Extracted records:

lemma real_sphere_sub_eq_hits:
  "real_sphere_sub N d =
    {x \<in> real_sphere N. \<forall>T\<subseteq>{..<N}. card T = d + 1 \<longrightarrow> (\<exists>i\<in>T. x i = 0)}"
proof -
  have "(\<forall>is. length is = d + 1 \<and> distinct is \<and> set is \<subseteq> {..<N} \<longrightarrow> prod_list (map x is) = 0)
      \<longleftrightarrow> (\<forall>T\<subseteq>{..<N}. card T = d + 1 \<longrightarrow> (\<exists>i\<in>T. x i = 0))" for x :: "nat \<Rightarrow> real"
  proof (intro iffI allI impI)
    fix T assume "\<forall>is. length is = d + 1 \<and> distinct is \<and> set is \<subseteq> {..<N}
        \<longrightarrow> prod_list (map x is) = 0" "T \<subseteq> {..<N}" "card T = d + 1"
    moreover have "finite T"
      using finite_subset[OF \<open>T \<subseteq> {..<N}\<close>] by simp
    ultimately show "\<exists>i\<in>T. x i = 0"
      by (auto simp: prod_list_map_eq_zero_iff dest!: spec[of _ "sorted_list_of_set T"])
  next
    fix "is" assume "\<forall>T\<subseteq>{..<N}. card T = d + 1 \<longrightarrow> (\<exists>i\<in>T. x i = 0)"
      "length is = d + 1 \<and> distinct is \<and> set is \<subseteq> {..<N}"
    then show "prod_list (map x is) = 0"
      by (auto simp: prod_list_map_eq_zero_iff distinct_card dest!: spec[of _ "set is"])
  qed
  then show ?thesis
    by (auto simp: real_sphere_sub_def)
qed

theorem proposition2p6:
  fixes N :: nat and F :: "(nat \<times> (nat \<Rightarrow> nat)) set"
  assumes "N \<ge> 1" and "perm_family F"
  shows "\<exists>d\<in>{1..N}. real_sphere N \<inter> half_liberated_points N F = real_sphere_sub N d
           \<and> d \<in> {1, 2, N}"
proof -
  let ?W = "sign_reversing_lists N F"
  obtain m where m: "m \<in> {2, 3, N + 1}" "m \<le> N + 1"
    and min: "\<forall>is\<in>?W. m \<le> card (set is)"
    and all: "\<forall>T\<subseteq>{..<N}. card T = m \<longrightarrow> T \<in> set ` ?W"
    using sign_reversing_lists_min_card[OF assms(2)] by blast
  have "\<forall>S\<in>set ` ?W. S \<subseteq> {..<N} \<and> finite S \<and> m \<le> card S"
    using min by (auto simp: sign_reversing_lists_def)
  from hits_all_iff_hits_min_card_subsets[OF this all]
  have "(\<forall>is\<in>?W. \<exists>i\<in>set is. x i = 0) \<longleftrightarrow>
      (\<forall>T\<subseteq>{..<N}. card T = m - 1 + 1 \<longrightarrow> (\<exists>i\<in>T. x i = 0))" for x :: "nat \<Rightarrow> real"
    using m(1) by auto
  then have "real_sphere N \<inter> half_liberated_points N F = real_sphere_sub N (m - 1)"
    by (auto simp: half_liberated_points_eq[OF assms(2)] real_sphere_sub_eq_hits)
  moreover have "m - 1 \<in> {1..N} \<and> m - 1 \<in> {1, 2, N}"
    using m assms(1) by auto
  ultimately show ?thesis by blast
qed
lemma hyp2F1_term_sums_Pfaff:
  assumes "a + 1 \<notin> \<int>\<^sub>\<le>\<^sub>0" and "norm z < 1"
  shows "hyp2F1_term a (a + of_nat (Suc j)) (a + 1) z sums
           ((1 - z) powr (- a) * hyp2F1 (- of_nat j) a (a + 1) (z / (z - 1)))"
  using assms(1)
proof (induction j arbitrary: a)
  case 0
  have "hyp2F1 0 a (a + 1) (z / (z - 1)) = 1"
    using hyp2F1_minus_of_nat[of 0 a "a + 1"] by simp
  with hyp2F1_term_sums_binomial[OF "0.prems" assms(2)] show ?case
    by simp
next
  case (Suc j)
  define x where "x = z / (z - 1)"
  define b where "b = a + of_nat (Suc j)"
  have "a + 2 \<notin> \<int>\<^sub>\<le>\<^sub>0"
    using Suc.prems plus_one_in_nonpos_Ints_imp[of "a + 1"] by (auto simp: add.assoc)
  then have "hyp2F1_term (a + 1) (b + 1) (a + 2) z sums
      ((1 - z) powr (- (a + 1)) * hyp2F1 (- of_nat j) (a + 1) (a + 2) x)"
    using Suc.IH[of "a + 1"] by (simp add: b_def x_def add_ac)
  from hyp2F1_term_contiguous_sums[OF Suc.IH[OF Suc.prems, folded b_def x_def] this]
  have "hyp2F1_term a (b + 1) (a + 1) z sums
      ((1 - z) powr (- a) * hyp2F1 (- of_nat j) a (a + 1) x +
       a * z / (a + 1) * ((1 - z) powr (- (a + 1)) * hyp2F1 (- of_nat j) (a + 1) (a + 2) x))" .
  moreover have "(1 - z) powr (- a) * hyp2F1 (- of_nat j) a (a + 1) x +
       a * z / (a + 1) * ((1 - z) powr (- (a + 1)) * hyp2F1 (- of_nat j) (a + 1) (a + 2) x) =
      (1 - z) powr (- a) * hyp2F1 (- of_nat (Suc j)) a (a + 1) x"
  proof -
    have powr_eq: "(1 - z) powr (- (a + 1)) = (1 - z) powr (- a) / (1 - z)"
      unfolding minus_add_distrib powr_add powr_minus[of _ 1] powr_to_1
      by (simp add: divide_inverse)
    have "z / (z - 1) = - (z / (1 - z))"
      by (metis minus_diff_eq minus_divide_right)
    then show ?thesis
      unfolding powr_eq hyp2F1_minus_of_nat_Suc x_def by (simp add: divide_inverse algebra_simps)
  qed
  ultimately show ?case
    by (simp add: b_def x_def add_ac)
qed

lemma hyp2F1_Pfaff:
  assumes "a + 1 \<notin> \<int>\<^sub>\<le>\<^sub>0" and "norm z < 1"
  shows "hyp2F1 a (a + of_nat (Suc j)) (a + 1) z =
           (1 - z) powr (- a) * hyp2F1 (- of_nat j) a (a + 1) (z / (z - 1))"
  using hyp2F1_term_sums_Pfaff[OF assms] by (simp add: hyp2F1_eq_suminf sums_iff)

lemma hyp2F1_minus_of_nat_minus_one:
  assumes "b + 1 \<notin> \<int>\<^sub>\<le>\<^sub>0"
  shows "hyp2F1 (- of_nat n) b (b + 1) (- 1) =
           2 ^ n - (\<Sum>m\<le>n. of_nat (n choose m) * of_nat m / (b + of_nat m))"
proof -
  have "hyp2F1 (- of_nat n) b (b + 1) (- 1) =
      (\<Sum>m\<le>n. of_nat (n choose m) * (1 - of_nat m / (b + of_nat m)))"
    unfolding hyp2F1_minus_of_nat pochhammer_div_pochhammer_plus_one[OF assms] by simp
  also have "\<dots> = (\<Sum>m\<le>n. of_nat (n choose m)) -
      (\<Sum>m\<le>n. of_nat (n choose m) * of_nat m / (b + of_nat m))"
    by (simp add: right_diff_distrib sum_subtractf)
  also have "(\<Sum>m\<le>n. of_nat (n choose m)) = (2 :: complex) ^ n"
    by (metis choose_row_sum of_nat_numeral of_nat_power of_nat_sum)
  finally show ?thesis .
qed

lemma sum_choose_times_div_eq_hyp2F1:
  assumes "a + 1 \<notin> \<int>\<^sub>\<le>\<^sub>0"
  shows "(\<Sum>m\<le>j. of_nat (j choose m) * of_nat m / (a + of_nat m)) =
           of_nat j / (a + 1) * hyp2F1 (1 - of_nat j) (a + 1) (a + 2) (- 1)"
proof (cases j)
  case 0
  \<comment> \<open>the series on the right does not terminate, but it is multiplied by 0\<close>
  then show ?thesis by simp
next
  case (Suc n)
  have "a + 2 \<notin> \<int>\<^sub>\<le>\<^sub>0"
    using assms plus_one_in_nonpos_Ints_imp[of "a + 1"] by (auto simp: add.assoc)
  have nonzero: "a + 1 + of_nat m \<noteq> 0" for m
    using assms plus_of_nat_eq_0_imp by blast
  have ratio: "pochhammer (a + 1) m / pochhammer (a + 2) m = (a + 1) / (a + 1 + of_nat m)" for m
    using pochhammer_div_pochhammer_plus_one[of "a + 1" m] \<open>a + 2 \<notin> \<int>\<^sub>\<le>\<^sub>0\<close>
      nonzero[of m]
    by (simp add: add.assoc field_simps)
  have "(\<Sum>m\<le>Suc n. of_nat (Suc n choose m) * of_nat m / (a + of_nat m)) =
      (\<Sum>m\<le>n. of_nat (Suc n choose Suc m) * of_nat (Suc m) / (a + of_nat (Suc m)))"
    by (subst sum.atMost_Suc_shift) simp
  also have "\<dots> = (\<Sum>m\<le>n. of_nat (Suc n) / (a + 1) *
      (of_nat (n choose m) * (pochhammer (a + 1) m / pochhammer (a + 2) m)))"
  proof (rule sum.cong)
    fix m
    have "of_nat (Suc n choose Suc m) * of_nat (Suc m) =
        (of_nat (Suc n) * of_nat (n choose m) :: complex)"
      using Suc_times_binomial[of m n] by (metis mult.commute of_nat_mult)
    then have "of_nat (Suc n choose Suc m) * of_nat (Suc m) / (a + of_nat (Suc m)) =
        of_nat (Suc n) * of_nat (n choose m) / (a + 1 + of_nat m)"
      by (simp add: add.assoc)
    also have "\<dots> = of_nat (Suc n) / (a + 1) *
        (of_nat (n choose m) * (pochhammer (a + 1) m / pochhammer (a + 2) m))"
      using nonzero[of 0] unfolding ratio by simp
    finally show "of_nat (Suc n choose Suc m) * of_nat (Suc m) / (a + of_nat (Suc m)) = \<dots>" .
  qed simp
  also have "\<dots> = of_nat (Suc n) / (a + 1) * hyp2F1 (- of_nat n) (a + 1) (a + 2) (- 1)"
    by (simp add: hyp2F1_minus_of_nat sum_distrib_left)
  finally show ?thesis
    by (simp add: Suc)
qed

lemma sum_choose_times_div_eq_sum_fact:
  fixes a :: "'a :: field_char_0"
  shows "(\<Sum>m\<le>j. of_nat (j choose m) * of_nat m / (a + of_nat m)) =
           (\<Sum>i=1..j. fact j / (fact (i - 1) * fact (j - i) * (a + of_nat i)))"
proof -
  have "(\<Sum>m\<le>j. of_nat (j choose m) * of_nat m / (a + of_nat m)) =
      (\<Sum>i=1..j. of_nat (j choose i) * of_nat i / (a + of_nat i))"
    by (simp add: atMost_atLeast0 sum.atLeast_Suc_atMost)
  also have "\<dots> = (\<Sum>i=1..j. fact j / (fact (i - 1) * fact (j - i) * (a + of_nat i)))"
  proof (rule sum.cong)
    fix i assume "i \<in> {1..j}"
    then have "i \<le> j" "0 < i" by auto
    then show "of_nat (j choose i) * of_nat i / (a + of_nat i) =
        fact j / (fact (i - 1) * fact (j - i) * (a + of_nat i))"
      unfolding binomial_fact[OF \<open>i \<le> j\<close>] fact_reduce[OF \<open>0 < i\<close>]
      by (simp add: divide_inverse)
  qed simp
  finally show ?thesis .
qed

lemma half_powr_minus: "(1 / 2 :: complex) powr (- a) = 2 powr a"
proof -
  have "Ln (1 / 2 :: complex) = - Ln 2"
    using Ln_of_real[of "1 / 2"] Ln_of_real[of 2] by (simp add: ln_div)
  then show ?thesis
    by (simp add: powr_def)
qed

theorem mainTheorem2:
  fixes k :: nat and a :: complex
  assumes "k \<ge> 1"
    and "\<And>n::nat. n \<ge> 1 \<Longrightarrow> a \<noteq> - of_nat n"
  shows "hyp2F1 a (a + of_nat k) (a + 1) (1/2) =
           2 powr a * (2 ^ (k - 1)
             - (of_nat k - 1) / (a + 1) * hyp2F1 (2 - of_nat k) (a + 1) (a + 2) (-1))
       \<and> hyp2F1 a (a + of_nat k) (a + 1) (1/2) =
           2 powr a * (2 ^ (k - 1)
             - (\<Sum>i=1..k-1. fact (k - 1) / (fact (i - 1) * fact (k - i - 1) * (a + of_nat i))))"
proof -
  have a: "a + 1 \<notin> \<int>\<^sub>\<le>\<^sub>0"
  proof
    assume "a + 1 \<in> \<int>\<^sub>\<le>\<^sub>0"
    then obtain n where "a + 1 = - of_nat n"
      by (rule nonpos_Ints_cases')
    then have "a = - of_nat (Suc n)"
      by (metis add_diff_cancel_right' diff_minus_eq_add minus_add_distrib of_nat_Suc add.commute)
    with assms(2)[of "Suc n"] show False
      by simp
  qed
  obtain j where k: "k = Suc j"
    using assms(1) by (cases k) auto
  define D where "D = (\<Sum>m\<le>j. of_nat (j choose m) * of_nat m / (a + of_nat m))"
  have "hyp2F1 a (a + of_nat k) (a + 1) (1 / 2) = 2 powr a * (2 ^ j - D)"
    using hyp2F1_Pfaff[OF a, of "1 / 2" j]
    by (simp add: k D_def half_powr_minus hyp2F1_minus_of_nat_minus_one[OF a])
  moreover have "D = of_nat j / (a + 1) * hyp2F1 (1 - of_nat j) (a + 1) (a + 2) (- 1)"
    unfolding D_def by (rule sum_choose_times_div_eq_hyp2F1[OF a])
  moreover have "D = (\<Sum>i=1..j. fact j / (fact (i - 1) * fact (j - i) * (a + of_nat i)))"
    unfolding D_def by (rule sum_choose_times_div_eq_sum_fact)
  ultimately show ?thesis
    by (simp add: k)
qed

end
(* Let $\Gamma:\mathbb{C}^4\to\mathbb{C}^4$ be a homogeneous polynomial map such that $(x,\Gamma(x))=0$ and $(\Gamma(x),\Gamma(x))=0$ for all $x\in C$. Then there is one of the two generating families $\mathcal P$ of planes in $C$ such that for every nonzero $x\in C$, the vector $\Gamma(x)$ lies in the unique plane of $\mathcal P$ containing $x$.
   Context: $(\cdot,\cdot)$ is the standard Euclidean inner product on $\mathbb{R}^4$ extended complex-bilinearly to $\mathbb{C}^4$, and $C=\{x\in\mathbb{C}^4:(x,x)=0\}$ is the asymptotic cone. The 2-dimensional complex linear subspaces ("planes") contained in $C$ form two families, the *generating families of planes*: every nonzero $x\in C$ lies in exactly one plane of each family (these correspond to the two rulings of lines of the quadric surface $\mathbb{P}(C)\subset\mathbb{CP}^3$). *)

theory Defs
  imports "HOL-Analysis.Analysis"
begin

definition cbil :: "complex^4 \<Rightarrow> complex^4 \<Rightarrow> complex" where
  "cbil x y = (\<Sum>i\<in>UNIV. x$i * y$i)"

definition asym_cone :: "(complex^4) set" where
  "asym_cone = {x. cbil x x = 0}"

definition hom_poly_fun :: "nat \<Rightarrow> (complex^4 \<Rightarrow> complex) \<Rightarrow> bool" where
  "hom_poly_fun d f \<longleftrightarrow>
     (\<exists>(M :: (4 \<Rightarrow> nat) set) (c :: (4 \<Rightarrow> nat) \<Rightarrow> complex).
        finite M \<and> (\<forall>\<alpha>\<in>M. (\<Sum>i\<in>UNIV. \<alpha> i) = d) \<and>
        (\<forall>x. f x = (\<Sum>\<alpha>\<in>M. c \<alpha> * (\<Prod>i\<in>UNIV. (x$i) ^ \<alpha> i))))"

definition hom_poly_map :: "(complex^4 \<Rightarrow> complex^4) \<Rightarrow> bool" where
  "hom_poly_map \<Gamma> \<longleftrightarrow> (\<exists>d. \<forall>i. hom_poly_fun d (\<lambda>x. \<Gamma> x $ i))"

definition cone_plane :: "(complex^4) set \<Rightarrow> bool" where
  "cone_plane P \<longleftrightarrow> vec.subspace P \<and> vec.dim P = 2 \<and> P \<subseteq> asym_cone"

text \<open>A generating family (ruling): the class of a plane under the relation
  "equal or meeting only in 0" (planes of the same family are skew).\<close>
definition generating_family :: "(complex^4) set set \<Rightarrow> bool" where
  "generating_family \<F> \<longleftrightarrow>
     (\<exists>P0. cone_plane P0 \<and> \<F> = {P. cone_plane P \<and> (P = P0 \<or> P \<inter> P0 = {0})})"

→ **TRY IT**
All that belongs in the answer is the run of lines above from the line containing "proof (induction j arbitrary: a)" through the line containing "using hyp2F1_term_sums_Pfaff[OF assms]", exactly as written.

→ **RESPONSE TO THIS EXERCISE**
proof (induction j arbitrary: a)
  case 0
  have "hyp2F1 0 a (a + 1) (z / (z - 1)) = 1"
    using hyp2F1_minus_of_nat[of 0 a "a + 1"] by simp
  with hyp2F1_term_sums_binomial[OF "0.prems" assms(2)] show ?case
    by simp
next
  case (Suc j)
  define x where "x = z / (z - 1)"
  define b where "b = a + of_nat (Suc j)"
  have "a + 2 \<notin> \<int>\<^sub>\<le>\<^sub>0"
    using Suc.prems plus_one_in_nonpos_Ints_imp[of "a + 1"] by (auto simp: add.assoc)
  then have "hyp2F1_term (a + 1) (b + 1) (a + 2) z sums
      ((1 - z) powr (- (a + 1)) * hyp2F1 (- of_nat j) (a + 1) (a + 2) x)"
    using Suc.IH[of "a + 1"] by (simp add: b_def x_def add_ac)
  from hyp2F1_term_contiguous_sums[OF Suc.IH[OF Suc.prems, folded b_def x_def] this]
  have "hyp2F1_term a (b + 1) (a + 1) z sums
      ((1 - z) powr (- a) * hyp2F1 (- of_nat j) a (a + 1) x +
       a * z / (a + 1) * ((1 - z) powr (- (a + 1)) * hyp2F1 (- of_nat j) (a + 1) (a + 2) x))" .
  moreover have "(1 - z) powr (- a) * hyp2F1 (- of_nat j) a (a + 1) x +
       a * z / (a + 1) * ((1 - z) powr (- (a + 1)) * hyp2F1 (- of_nat j) (a + 1) (a + 2) x) =
      (1 - z) powr (- a) * hyp2F1 (- of_nat (Suc j)) a (a + 1) x"
  proof -
    have powr_eq: "(1 - z) powr (- (a + 1)) = (1 - z) powr (- a) / (1 - z)"
      unfolding minus_add_distrib powr_add powr_minus[of _ 1] powr_to_1
      by (simp add: divide_inverse)
    have "z / (z - 1) = - (z / (1 - z))"
      by (metis minus_diff_eq minus_divide_right)
    then show ?thesis
      unfolding powr_eq hyp2F1_minus_of_nat_Suc x_def by (simp add: divide_inverse algebra_simps)
  qed
  ultimately show ?case
    by (simp add: b_def x_def add_ac)
qed

lemma hyp2F1_Pfaff:
  assumes "a + 1 \<notin> \<int>\<^sub>\<le>\<^sub>0" and "norm z < 1"
  shows "hyp2F1 a (a + of_nat (Suc j)) (a + 1) z =
           (1 - z) powr (- a) * hyp2F1 (- of_nat j) a (a + 1) (z / (z - 1))"
  using hyp2F1_term_sums_Pfaff[OF assms] by (simp add: hyp2F1_eq_suminf sums_iff)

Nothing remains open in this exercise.